I cycled the circuit with my ex. 4 weeks of pure mountain fun with some difficulties in the Bartang Valley which was almost completely inaccessible from the outside world. A storm and extreme floodwaters had washed away the bridges and paths. We often had to carry our gear over rough terrain.

But this should rather be the exception. However, you must always be prepared for difficulties. Take warm clothes with you even in summer – this is high mountain climate.


#12 Iceland

F 206 Lakagigar to Landmannalaugar on F 208 
approx. 80 KM (map)

When I think of Iceland, I think about storms, rain, great landscapes and a lot of rough nature. Nothing comes easily on the island. Every kilometer is a challenge. But it is all worth it.

It is very important to have a stormproof tent and good rain gear. Warm clothes are also very important even in summer.

Since I have been to Iceland the island has become very popular. Prices went up a lot.

One of my best trips ever. At that time, I had combined hiking with cycling, which in my opinion was a great idea.


These were my favorite 12 bicycle touring routes worldwide.

You are welcome to ask specific questions about the individual routes.

And of course, if you like leave your own favourite routes in the comments below.

Enjoy the ride….…..  



  1. Absolut der Hammer, great pictures, great adventures, I admire you 🙂
    I have tried solo touring, but couldn’t do it for long, I felt too lonely.

    • Hi Erich, thanks….yes I know solo touring isn’t for everyone and sometimes not all that easy. But it has its good sides too. The freedom you have is very appealing. Cheers Heike

  2. As always, enchantment with each story. Vietnam, I haven’t been there since the war but interested to go back. You may have put me over the edge.
    Solitude is both the blessing and curse of solo travel..
    I wish you great journeys ahead.

    • Hi Nick, Vietnam has changed tremendously in the past few decades.
      Let me know how you liked it if you decide to give it a go.
      Cheers Heike

  3. Fantastic what a treat that you share those wonderful pictures and suggestions for outstanding places to visit.

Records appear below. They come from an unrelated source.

lemma exists_nat_exp_neg_le:
  fixes h :: "real \<Rightarrow> real"
  assumes h: "filterlim h at_top at_top" and a: "a > 0" and b: "b > 0"
  shows "\<exists>L::nat. exp (- a * h (real L)) \<le> b"
proof -
  obtain t0 where t0: "\<And>t. t \<ge> t0 \<Longrightarrow> h t > - ln b / a"
    using h unfolding filterlim_at_top_dense eventually_at_top_linorder by blast
  obtain L :: nat where "t0 \<le> real L" using real_arch_simple by blast
  then have "a * (- (ln b / a)) < a * h (real L)" using t0 a by (intro mult_strict_left_mono) auto
  then have "- ln b < a * h (real L)" using a by simp
  then have "exp (- a * h (real L)) < exp (ln b)" by simp
  then show ?thesis using b by (auto intro: less_imp_le)
qed

lemma truncated_mgf_sum_le:
  fixes e \<mu> C \<eta> :: real and L :: nat
  assumes e: "0 < e" "e < 1" and \<mu>: "\<mu> > 0" and C: "C \<ge> 0" and \<eta>: "\<eta> \<ge> 0"
  defines "\<theta> \<equiv> (1 - e) * \<mu>" and "q \<equiv> exp (- (e/2) * \<mu>)"
  shows "C * (exp \<theta> - 1) * real L + C * (exp \<theta> - 1) * \<eta> * q / (1 - q)
    \<le> exp \<theta> * (C * \<theta> * real L + C * \<eta> * (2 / e))"
proof -
  have \<theta>: "\<theta> \<ge> 0" using e \<mu> unfolding \<theta>_def by simp
  have q: "0 \<le> q" "q < 1" using e \<mu> unfolding q_def by auto
  have inc: "exp \<theta> - 1 \<le> \<theta> * exp \<theta>" by (rule exp_minus_one_le_mult_exp)
  have "C * (exp \<theta> - 1) * real L \<le> C * (\<theta> * exp \<theta>) * real L"
    using inc C by (intro mult_right_mono mult_left_mono) auto
  moreover have "C * (exp \<theta> - 1) * \<eta> * q / (1 - q) \<le> exp \<theta> * (C * \<eta> * (2 / e))"
  proof -
    have "q / (1 - q) \<le> 1 / ((e/2) * \<mu>)"
      unfolding q_def using exp_neg_geometric_ratio_le[of "(e/2) * \<mu>"] e \<mu> by simp
    then have "(exp \<theta> - 1) * (q / (1 - q)) \<le> (\<theta> * exp \<theta>) * (1 / ((e/2) * \<mu>))"
      using inc \<theta> q by (intro mult_mono) auto
    also have "\<dots> = exp \<theta> * (2 * (1 - e) / e)" unfolding \<theta>_def using \<mu> e by (simp add: field_simps)
    also have "\<dots> \<le> exp \<theta> * (2 / e)" using e by (intro mult_left_mono) (auto simp: divide_right_mono)
    finally have "C * \<eta> * ((exp \<theta> - 1) * (q / (1 - q))) \<le> C * \<eta> * (exp \<theta> * (2 / e))"
      using C \<eta> by (intro mult_left_mono) auto
    then show ?thesis by (simp add: algebra_simps)
  qed
  ultimately show ?thesis by (simp add: algebra_simps)
qed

This could easily be turned into a wonderful book if you have the time . Thank you so much

    • Hi Lars, 🙂 yes people keep telling me to publish a book – not all that easy 😉

      Thanks….happy riding, Heike

  4. Awesome, getting wanderlust. ?

  5. those are unreal. true adventure.

  6. Hi Heike

    Great review of your favorite riding destinations. Nice to hear you are back on the road. Will be very interested to here where you are. I’m riding in New Mexico at the moment, with other riders I’ve met along the way as I did with you on The Great Divide a couple years ago. All the best me in ground. Allan

    • Allan… are you doing….great to hear from you – enjoy your rides…big hugs to New Mexico! Cheers Heike

  7. You never cease to amaze me with your travel, pics and posts. You put so much energy into your work. Merci.

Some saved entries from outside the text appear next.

text \<open>The first differing digit outweighs all later ones: \<open>2/3^(k+1) > \<Sum>n>k. 2/3^(n+1) = 1/3^(k+1)\<close>.\<close>
lemma cantor_of_digits_less:
  assumes "\<And>n. n < k \<Longrightarrow> d n = d' n" "d k" "\<not> d' k"
  shows "cantor_of_digits d' < cantor_of_digits d"
proof -
  define c where "c n = (if d n then 2 else 0) / (3::real) ^ Suc n - (if d' n then 2 else 0) / 3 ^ Suc n" for n
  have c: "summable c"
    unfolding c_def by (intro summable_diff summable_cantor_digits)
  have tail: "summable (\<lambda>n. 2 / (3::real) ^ Suc (n + Suc k))" "(\<Sum>n. 2 / (3::real) ^ Suc (n + Suc k)) = 1 / 3 ^ Suc k"
    using sums_two_div_three_powers[of "Suc k"] by (auto simp: sums_iff)
  have "(\<Sum>n. - (2 / (3::real) ^ Suc (n + Suc k))) \<le> (\<Sum>n. c (n + Suc k))"
    by (rule suminf_le[OF _ summable_minus[OF tail(1)] summable_ignore_initial_segment[OF c]])
      (auto simp: c_def)
  then have lower: "- (1 / 3 ^ Suc k) \<le> (\<Sum>n. c (n + Suc k))"
    using suminf_minus[OF tail(1)] tail(2) by simp
  have "cantor_of_digits d - cantor_of_digits d' = (\<Sum>n. c n)"
    unfolding cantor_of_digits_def c_def
    using suminf_diff[OF summable_cantor_digits summable_cantor_digits] by simp
  also have "\<dots> = (\<Sum>n. c (n + Suc k)) + (\<Sum>i<Suc k. c i)"
    by (rule suminf_split_initial_segment[OF c])
  also have "(\<Sum>i<Suc k. c i) = 2 / 3 ^ Suc k"
    using assms by (auto simp: c_def intro!: sum.neutral)
  finally have "cantor_of_digits d - cantor_of_digits d' = (\<Sum>n. c (n + Suc k)) + 2 / 3 ^ Suc k" .
  moreover have "2 / 3 ^ Suc k = 2 * (1 / (3::real) ^ Suc k)" "0 < 1 / (3::real) ^ Suc k"
    by simp_all
  ultimately show ?thesis
    using lower by linarith
qed

lemma inj_cantor_of_digits: "inj cantor_of_digits"
proof
  fix d d' assume eq: "cantor_of_digits d = cantor_of_digits d'"
  show "d = d'"
  proof (rule ccontr)
    assume "d \<noteq> d'"
    then obtain m where "d m \<noteq> d' m"
      by auto
    define k where "k = (LEAST m. d m \<noteq> d' m)"
    have "d k \<noteq> d' k" "\<And>n. n < k \<Longrightarrow> d n = d' n"
      using LeastI[of "\<lambda>m. d m \<noteq> d' m", OF \<open>d m \<noteq> d' m\<close>] not_less_Least
      unfolding k_def by blast+
    then show False
      using cantor_of_digits_less[of k d d'] cantor_of_digits_less[of k d' d] eq by (cases "d k") auto
  qed
qed

definition binary_digits :: "real \<Rightarrow> nat \<Rightarrow> bool" where
  "binary_digits x n = odd \<lfloor>2 ^ Suc n * x\<rfloor>"

lemma floor_double: "\<lfloor>2 * y\<rfloor> = 2 * \<lfloor>y\<rfloor> + (if odd \<lfloor>2 * y\<rfloor> then 1 else 0)" for y :: real
proof -
  have "2 * \<lfloor>y\<rfloor> \<le> \<lfloor>2 * y\<rfloor>" "\<lfloor>2 * y\<rfloor> \<le> 2 * \<lfloor>y\<rfloor> + 1"
    by (simp_all add: le_floor_iff floor_le_iff) linarith+
  then have "\<lfloor>2 * y\<rfloor> = 2 * \<lfloor>y\<rfloor> \<or> \<lfloor>2 * y\<rfloor> = 2 * \<lfloor>y\<rfloor> + 1"
    by linarith
  then show ?thesis
    by auto
qed

lemma binary_digits_determine_floor:
  assumes "x \<in> {0..<1}" "y \<in> {0..<1}" "binary_digits x = binary_digits y"
  shows "\<lfloor>2 ^ n * x\<rfloor> = \<lfloor>2 ^ n * y\<rfloor>"
proof (induction n)
  case 0
  have "\<lfloor>x\<rfloor> = 0" "\<lfloor>y\<rfloor> = 0"
    using assms(1,2) by (simp_all add: floor_eq_iff)
  then show ?case
    by simp
next
  case (Suc n)
  then show ?case
    using floor_double[of "2 ^ n * x"] floor_double[of "2 ^ n * y"] fun_cong[OF assms(3), of n]
    by (simp add: binary_digits_def mult.assoc)
qed

lemma inj_on_binary_digits: "inj_on binary_digits {0..<1}"
proof
  fix x y :: real assume xy: "x \<in> {0..<1}" "y \<in> {0..<1}" "binary_digits x = binary_digits y"
  have small: "\<bar>x - y\<bar> < (1/2) ^ n" for n
  proof -
    have "\<lfloor>2 ^ n * x\<rfloor> = \<lfloor>2 ^ n * y\<rfloor>"
      using binary_digits_determine_floor[OF xy] .
    then have "\<bar>2 ^ n * x - 2 ^ n * y\<bar> < 1"
      by linarith
    then have "2 ^ n * \<bar>x - y\<bar> < 1"
      by (simp add: abs_mult flip: right_diff_distrib)
    then show ?thesis
      by (simp add: field_simps)
  qed
  show "x = y"
  proof (rule ccontr)
    assume "x \<noteq> y"
    then obtain n where "(1/2) ^ n < \<bar>x - y\<bar>"
      using real_arch_pow_inv[of "\<bar>x - y\<bar>" "1/2"] by auto
    with small[of n] show False
      by simp
  qed
qed

definition cantor_of_real :: "real \<Rightarrow> real" where
  "cantor_of_real x = cantor_of_digits (binary_digits x)"

lemma inj_on_cantor_of_real: "inj_on cantor_of_real {0..<1}"
  using inj_on_binary_digits inj_cantor_of_digits
  by (auto simp: inj_on_def cantor_of_real_def)

lemma cantor_of_real_in_cantor_set: "cantor_of_real x \<in> cantor_set"
  by (simp add: cantor_of_real_def cantor_of_digits_def cantor_set_def)

lemma cantor_of_real_measurable: "cantor_of_real \<in> measurable borel (restrict_space borel cantor_set)"
proof (rule measurable_restrict_space2)
  show "cantor_of_real \<in> borel_measurable borel"
    unfolding cantor_of_real_def cantor_of_digits_def binary_digits_def by measurable
qed (simp add: cantor_of_real_in_cantor_set)

lemma cantor_set_parametrization:
  fixes C :: "'a::topological_space set"
  assumes "C homeomorphic cantor_set"
  obtains c :: "real \<Rightarrow> 'a" where "c \<in> measurable borel (restrict_space borel C)" "inj_on c {0..<1}"
proof -
  obtain f g where "homeomorphism C cantor_set f g"
    using assms homeomorphic_def by blast
  then have g: "continuous_on cantor_set g" "g ` cantor_set \<subseteq> C" "inj_on g cantor_set"
    unfolding homeomorphism_def by (auto intro: inj_on_inverseI)
  show ?thesis
  proof
    show "g \<circ> cantor_of_real \<in> measurable borel (restrict_space borel C)"
      using measurable_comp[OF cantor_of_real_measurable measurable_restrict_space_continuous_on[OF g(1,2)]] .
    show "inj_on (g \<circ> cantor_of_real) {0..<1}"
      using cantor_of_real_in_cantor_set
      by (intro comp_inj_on inj_on_cantor_of_real inj_on_subset[OF g(3)]) blast
  qed
qed

section \<open>Diffuse image measures and weak-* convergence to a Dirac mass\<close>

lemma AE_uniform_unit_interval_inj_on_neq:
  assumes "inj_on \<psi> {0..<1::real}"
  shows "AE x in uniform_measure lborel {0..<1}. \<psi> x \<noteq> q"
proof (rule AE_uniform_measureI)
  let ?N = "{x\<in>{0..<1}. \<psi> x = q}"
  have "inj_on \<psi> ?N"
    by (rule inj_on_subset[OF assms]) blast
  moreover have "finite (\<psi> ` ?N)"
    by (rule finite_subset[of _ "{q}"]) blast+
  ultimately have "finite ?N"
    by (metis finite_imageD)
  then show "AE x in lborel. x \<in> {0..<1} \<longrightarrow> \<psi> x \<noteq> q"
    by (rule AE_I'[OF finite_imp_null_set_lborel]) blast
qed simp

lemma measurable_uniform_measure_lborel:
  "\<psi> \<in> measurable borel N \<Longrightarrow> \<psi> \<in> measurable (uniform_measure lborel A) N"
  using measurable_cong_sets[of "uniform_measure lborel A" borel N N] by simp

    • It’s my job – thanks for the big compliment! Cheers Heike

  8. I take the Great Divide please.

  9. Hi Heike,
    I love your blog and have taken a few notes for my next tours.
    Having cycled almost 100K around the world, one of my favourite routes is from Ushuai along the Carretera Austral in Chile. I’m currently cycling in Ecuador crossing into Colombia in the next few days. Happy cycling, Detlev

  10. Wow, thanks for sharing, Out of this world!

  11. brave is not the word for you!
    you seem to give wings to every dream of mine!

  12. Fabulous photos and commentary. Plus what an amazing person you are to have ridden so many kms in off the beaten track areas. Thanks for sharing

  13. Liebe Heike, wir kommen gerade aus Georgien und sind über den selben Grenzübergang in die Türkei. Wir waren dankbar über eine Mitfahrgelegenheit über den Berg. Wir sind beeindruckend, dass du diese vielen Höhenmeter gepackt hast. Herzliche Grüße, Daniela und Christian

    • 🙂 Oh danke 🙂 Aber richtige tolle Landschaft, gell !!! LG Heike – Euch weiterhin eine tolle Zeit!

  14. Great to see this post, Heike. Pretty sure it will be appreciated and enjoyed, certainly the way I felt after reading it and looking at your always superb photos. Cheers !!!

  15. Amazing recommendations! Want to do some of those routes for sure.

  16. A wonderful selection of routes with fabulous pictures. Very inspiring.

  17. Great summary, thanks. Pictures are incredible too! I’ve just crossed Europe and planning to cover at least Turkey and possibly Tajikistan/Kyrgyzstan over the next couple of months – you’ve renewed my excitement for the onward journey!

    • Thanks very much Richard….
      Winter is coming – take some warm clothes with you!
      Cheers Heike

  18. Thanks for this blog post, I have done 2 of those rotes with my partner and they were also our favourites! I think we have similar preferences when it comes to perfect place for touring:) definatelly wanna do most of those routes on your list, ones I have a good rest after last tour;) safe riding and thanks again! great post and beautiful photos!

    • Thanks Lucy!
      Which routes did you cycle? Just out of interest….
      Happy riding…..Cheers Heike

      • Kyrgystans route, but we went in the opposite direction to Naryn, and Bartang in Tajikistan. Loved the whole central Asia region, but those two were definatelly highlights. Now I know that I prefer more remote roads even if it means carrying extra food, but when you pack light in general it is not such a big issue. We switched to bikepacking set up and love it, not the lightes version of it yet as the region was too demanding for it and also didn’t want to change all gear.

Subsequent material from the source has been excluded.